**EXERCISE REQUIREMENTS**.
Below is some data. Retype exactly the lines starting at the one with "unfolding committed_def by" and ending at the one with "with assms(3) sv".

Dataset entries:
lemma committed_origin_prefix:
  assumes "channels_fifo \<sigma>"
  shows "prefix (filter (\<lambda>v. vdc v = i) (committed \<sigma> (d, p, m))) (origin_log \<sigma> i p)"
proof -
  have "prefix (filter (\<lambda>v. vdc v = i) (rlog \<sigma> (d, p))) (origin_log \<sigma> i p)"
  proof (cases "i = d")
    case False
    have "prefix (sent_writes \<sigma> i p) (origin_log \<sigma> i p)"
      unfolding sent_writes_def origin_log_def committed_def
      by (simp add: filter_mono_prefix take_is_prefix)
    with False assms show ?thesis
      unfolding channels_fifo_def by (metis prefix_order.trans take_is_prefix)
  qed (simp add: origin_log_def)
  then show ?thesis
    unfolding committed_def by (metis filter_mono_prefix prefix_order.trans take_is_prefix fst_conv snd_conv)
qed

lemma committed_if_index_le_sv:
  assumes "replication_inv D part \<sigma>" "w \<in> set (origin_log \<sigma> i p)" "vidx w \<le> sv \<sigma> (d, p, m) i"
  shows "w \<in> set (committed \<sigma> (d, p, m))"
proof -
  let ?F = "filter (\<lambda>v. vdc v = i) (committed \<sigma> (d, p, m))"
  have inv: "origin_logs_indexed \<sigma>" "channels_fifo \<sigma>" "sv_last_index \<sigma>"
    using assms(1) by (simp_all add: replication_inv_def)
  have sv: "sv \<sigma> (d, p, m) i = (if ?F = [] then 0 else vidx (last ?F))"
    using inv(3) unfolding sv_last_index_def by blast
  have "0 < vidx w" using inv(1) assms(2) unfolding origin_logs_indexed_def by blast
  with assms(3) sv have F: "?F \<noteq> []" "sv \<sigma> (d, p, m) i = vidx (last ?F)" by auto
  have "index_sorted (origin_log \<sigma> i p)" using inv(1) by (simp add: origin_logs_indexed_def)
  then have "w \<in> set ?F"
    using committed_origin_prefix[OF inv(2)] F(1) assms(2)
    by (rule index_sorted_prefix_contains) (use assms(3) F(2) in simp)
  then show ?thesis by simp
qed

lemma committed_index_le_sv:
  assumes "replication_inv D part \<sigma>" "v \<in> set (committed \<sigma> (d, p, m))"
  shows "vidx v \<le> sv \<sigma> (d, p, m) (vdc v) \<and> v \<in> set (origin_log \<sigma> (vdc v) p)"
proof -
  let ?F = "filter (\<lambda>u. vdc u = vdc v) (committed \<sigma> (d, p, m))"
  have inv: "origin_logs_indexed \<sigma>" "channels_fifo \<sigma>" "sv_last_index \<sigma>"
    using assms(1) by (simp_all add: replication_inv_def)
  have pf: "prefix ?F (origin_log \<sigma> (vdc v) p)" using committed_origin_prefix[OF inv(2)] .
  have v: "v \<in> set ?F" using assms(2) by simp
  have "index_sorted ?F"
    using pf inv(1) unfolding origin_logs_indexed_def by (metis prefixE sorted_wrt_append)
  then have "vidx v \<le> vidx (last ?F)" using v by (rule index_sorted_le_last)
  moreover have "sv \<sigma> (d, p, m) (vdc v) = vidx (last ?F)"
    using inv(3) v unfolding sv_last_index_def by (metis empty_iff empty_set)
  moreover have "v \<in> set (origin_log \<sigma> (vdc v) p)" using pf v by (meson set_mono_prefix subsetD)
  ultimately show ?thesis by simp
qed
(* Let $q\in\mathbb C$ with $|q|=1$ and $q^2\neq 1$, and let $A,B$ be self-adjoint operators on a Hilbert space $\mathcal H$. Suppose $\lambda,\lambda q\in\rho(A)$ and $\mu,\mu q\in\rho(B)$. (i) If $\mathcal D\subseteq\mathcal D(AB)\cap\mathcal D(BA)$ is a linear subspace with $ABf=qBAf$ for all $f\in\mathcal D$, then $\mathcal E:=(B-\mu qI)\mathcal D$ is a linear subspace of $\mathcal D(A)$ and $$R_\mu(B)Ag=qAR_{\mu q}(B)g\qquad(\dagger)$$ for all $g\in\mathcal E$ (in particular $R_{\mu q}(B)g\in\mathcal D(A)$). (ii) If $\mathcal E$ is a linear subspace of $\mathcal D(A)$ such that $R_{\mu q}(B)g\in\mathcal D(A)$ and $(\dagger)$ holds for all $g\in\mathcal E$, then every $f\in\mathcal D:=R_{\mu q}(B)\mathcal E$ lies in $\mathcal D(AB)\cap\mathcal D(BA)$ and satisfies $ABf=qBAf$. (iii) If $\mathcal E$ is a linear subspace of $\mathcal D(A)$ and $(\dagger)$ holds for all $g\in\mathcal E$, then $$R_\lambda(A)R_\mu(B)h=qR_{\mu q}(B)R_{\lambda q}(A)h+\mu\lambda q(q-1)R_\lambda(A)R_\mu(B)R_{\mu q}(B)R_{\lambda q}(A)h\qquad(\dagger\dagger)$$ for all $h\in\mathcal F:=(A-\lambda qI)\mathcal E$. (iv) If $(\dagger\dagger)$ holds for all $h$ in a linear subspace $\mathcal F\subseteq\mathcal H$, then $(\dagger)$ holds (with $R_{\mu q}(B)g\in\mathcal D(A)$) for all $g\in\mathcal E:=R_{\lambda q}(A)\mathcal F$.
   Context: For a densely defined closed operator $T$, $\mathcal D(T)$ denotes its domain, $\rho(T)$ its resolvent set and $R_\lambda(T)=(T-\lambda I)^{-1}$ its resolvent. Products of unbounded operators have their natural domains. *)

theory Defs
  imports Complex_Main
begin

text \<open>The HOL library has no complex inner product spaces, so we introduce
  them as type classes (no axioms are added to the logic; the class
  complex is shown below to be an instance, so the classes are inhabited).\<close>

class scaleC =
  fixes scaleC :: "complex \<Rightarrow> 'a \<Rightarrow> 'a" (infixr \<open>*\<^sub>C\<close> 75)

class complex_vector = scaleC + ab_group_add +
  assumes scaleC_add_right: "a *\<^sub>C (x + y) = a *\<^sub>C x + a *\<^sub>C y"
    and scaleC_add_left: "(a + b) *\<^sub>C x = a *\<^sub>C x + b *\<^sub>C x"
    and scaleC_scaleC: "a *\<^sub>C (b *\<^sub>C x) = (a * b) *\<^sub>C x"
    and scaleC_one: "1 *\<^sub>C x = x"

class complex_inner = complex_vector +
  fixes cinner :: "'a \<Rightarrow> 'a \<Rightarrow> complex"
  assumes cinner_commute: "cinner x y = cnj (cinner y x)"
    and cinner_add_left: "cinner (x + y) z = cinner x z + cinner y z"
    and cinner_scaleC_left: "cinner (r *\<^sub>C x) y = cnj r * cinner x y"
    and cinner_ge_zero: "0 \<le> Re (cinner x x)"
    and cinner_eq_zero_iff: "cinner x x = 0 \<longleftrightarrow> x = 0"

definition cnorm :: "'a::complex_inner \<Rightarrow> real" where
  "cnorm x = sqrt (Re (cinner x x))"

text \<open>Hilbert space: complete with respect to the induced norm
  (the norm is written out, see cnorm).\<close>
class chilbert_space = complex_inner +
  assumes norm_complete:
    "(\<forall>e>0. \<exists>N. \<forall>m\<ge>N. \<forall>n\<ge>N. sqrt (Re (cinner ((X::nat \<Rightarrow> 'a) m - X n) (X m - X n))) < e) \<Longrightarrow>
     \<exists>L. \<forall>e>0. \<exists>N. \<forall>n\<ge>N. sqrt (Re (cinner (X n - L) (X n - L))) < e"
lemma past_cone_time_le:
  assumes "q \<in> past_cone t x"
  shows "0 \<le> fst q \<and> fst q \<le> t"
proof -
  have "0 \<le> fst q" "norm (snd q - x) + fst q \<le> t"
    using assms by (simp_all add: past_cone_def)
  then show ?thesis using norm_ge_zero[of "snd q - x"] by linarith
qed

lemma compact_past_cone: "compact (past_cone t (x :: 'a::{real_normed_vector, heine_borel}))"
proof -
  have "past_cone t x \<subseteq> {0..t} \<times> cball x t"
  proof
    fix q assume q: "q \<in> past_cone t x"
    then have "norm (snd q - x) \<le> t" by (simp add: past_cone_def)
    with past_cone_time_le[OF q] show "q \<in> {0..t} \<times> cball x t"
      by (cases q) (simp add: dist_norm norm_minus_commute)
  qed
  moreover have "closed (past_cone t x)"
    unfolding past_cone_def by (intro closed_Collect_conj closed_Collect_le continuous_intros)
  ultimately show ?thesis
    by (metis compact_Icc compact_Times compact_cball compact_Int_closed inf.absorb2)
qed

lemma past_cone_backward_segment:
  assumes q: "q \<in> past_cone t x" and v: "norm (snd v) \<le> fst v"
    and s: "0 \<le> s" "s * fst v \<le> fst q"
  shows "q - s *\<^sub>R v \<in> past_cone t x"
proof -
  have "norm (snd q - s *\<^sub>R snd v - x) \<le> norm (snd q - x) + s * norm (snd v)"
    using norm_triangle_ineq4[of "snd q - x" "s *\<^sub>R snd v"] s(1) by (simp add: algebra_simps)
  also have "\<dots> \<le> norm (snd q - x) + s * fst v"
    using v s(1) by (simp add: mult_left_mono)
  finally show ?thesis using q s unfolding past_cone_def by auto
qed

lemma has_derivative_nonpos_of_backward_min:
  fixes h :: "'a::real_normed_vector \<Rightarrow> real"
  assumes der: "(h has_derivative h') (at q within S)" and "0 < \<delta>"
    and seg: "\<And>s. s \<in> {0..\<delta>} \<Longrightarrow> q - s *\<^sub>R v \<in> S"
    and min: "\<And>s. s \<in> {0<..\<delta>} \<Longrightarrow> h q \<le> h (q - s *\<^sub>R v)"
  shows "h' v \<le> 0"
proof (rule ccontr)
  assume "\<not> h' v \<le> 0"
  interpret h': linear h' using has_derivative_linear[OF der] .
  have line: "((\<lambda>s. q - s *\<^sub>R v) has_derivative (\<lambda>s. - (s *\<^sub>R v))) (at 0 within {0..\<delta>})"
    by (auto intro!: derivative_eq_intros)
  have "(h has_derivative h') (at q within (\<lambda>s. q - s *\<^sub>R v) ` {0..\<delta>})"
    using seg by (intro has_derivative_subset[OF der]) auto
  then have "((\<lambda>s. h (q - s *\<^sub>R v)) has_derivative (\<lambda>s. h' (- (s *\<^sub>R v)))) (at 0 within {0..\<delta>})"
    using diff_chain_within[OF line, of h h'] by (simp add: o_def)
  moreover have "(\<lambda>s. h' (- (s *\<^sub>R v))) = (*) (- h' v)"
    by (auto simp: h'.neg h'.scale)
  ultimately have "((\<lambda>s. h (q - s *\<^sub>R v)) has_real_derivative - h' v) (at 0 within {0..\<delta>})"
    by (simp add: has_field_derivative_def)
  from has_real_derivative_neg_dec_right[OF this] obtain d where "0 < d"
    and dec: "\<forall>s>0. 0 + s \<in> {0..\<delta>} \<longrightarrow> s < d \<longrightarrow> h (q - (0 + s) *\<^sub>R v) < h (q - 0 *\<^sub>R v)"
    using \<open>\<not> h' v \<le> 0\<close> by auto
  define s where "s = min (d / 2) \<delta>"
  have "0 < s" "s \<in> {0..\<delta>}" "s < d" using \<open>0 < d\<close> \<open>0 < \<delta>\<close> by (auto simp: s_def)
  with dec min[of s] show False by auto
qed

**THE COMPLETED TASK**.
    unfolding committed_def by (metis filter_mono_prefix prefix_order.trans take_is_prefix fst_conv snd_conv)
qed

lemma committed_if_index_le_sv:
  assumes "replication_inv D part \<sigma>" "w \<in> set (origin_log \<sigma> i p)" "vidx w \<le> sv \<sigma> (d, p, m) i"
  shows "w \<in> set (committed \<sigma> (d, p, m))"
proof -
  let ?F = "filter (\<lambda>v. vdc v = i) (committed \<sigma> (d, p, m))"
  have inv: "origin_logs_indexed \<sigma>" "channels_fifo \<sigma>" "sv_last_index \<sigma>"
    using assms(1) by (simp_all add: replication_inv_def)
  have sv: "sv \<sigma> (d, p, m) i = (if ?F = [] then 0 else vidx (last ?F))"
    using inv(3) unfolding sv_last_index_def by blast
  have "0 < vidx w" using inv(1) assms(2) unfolding origin_logs_indexed_def by blast
  with assms(3) sv have F: "?F \<noteq> []" "sv \<sigma> (d, p, m) i = vidx (last ?F)" by auto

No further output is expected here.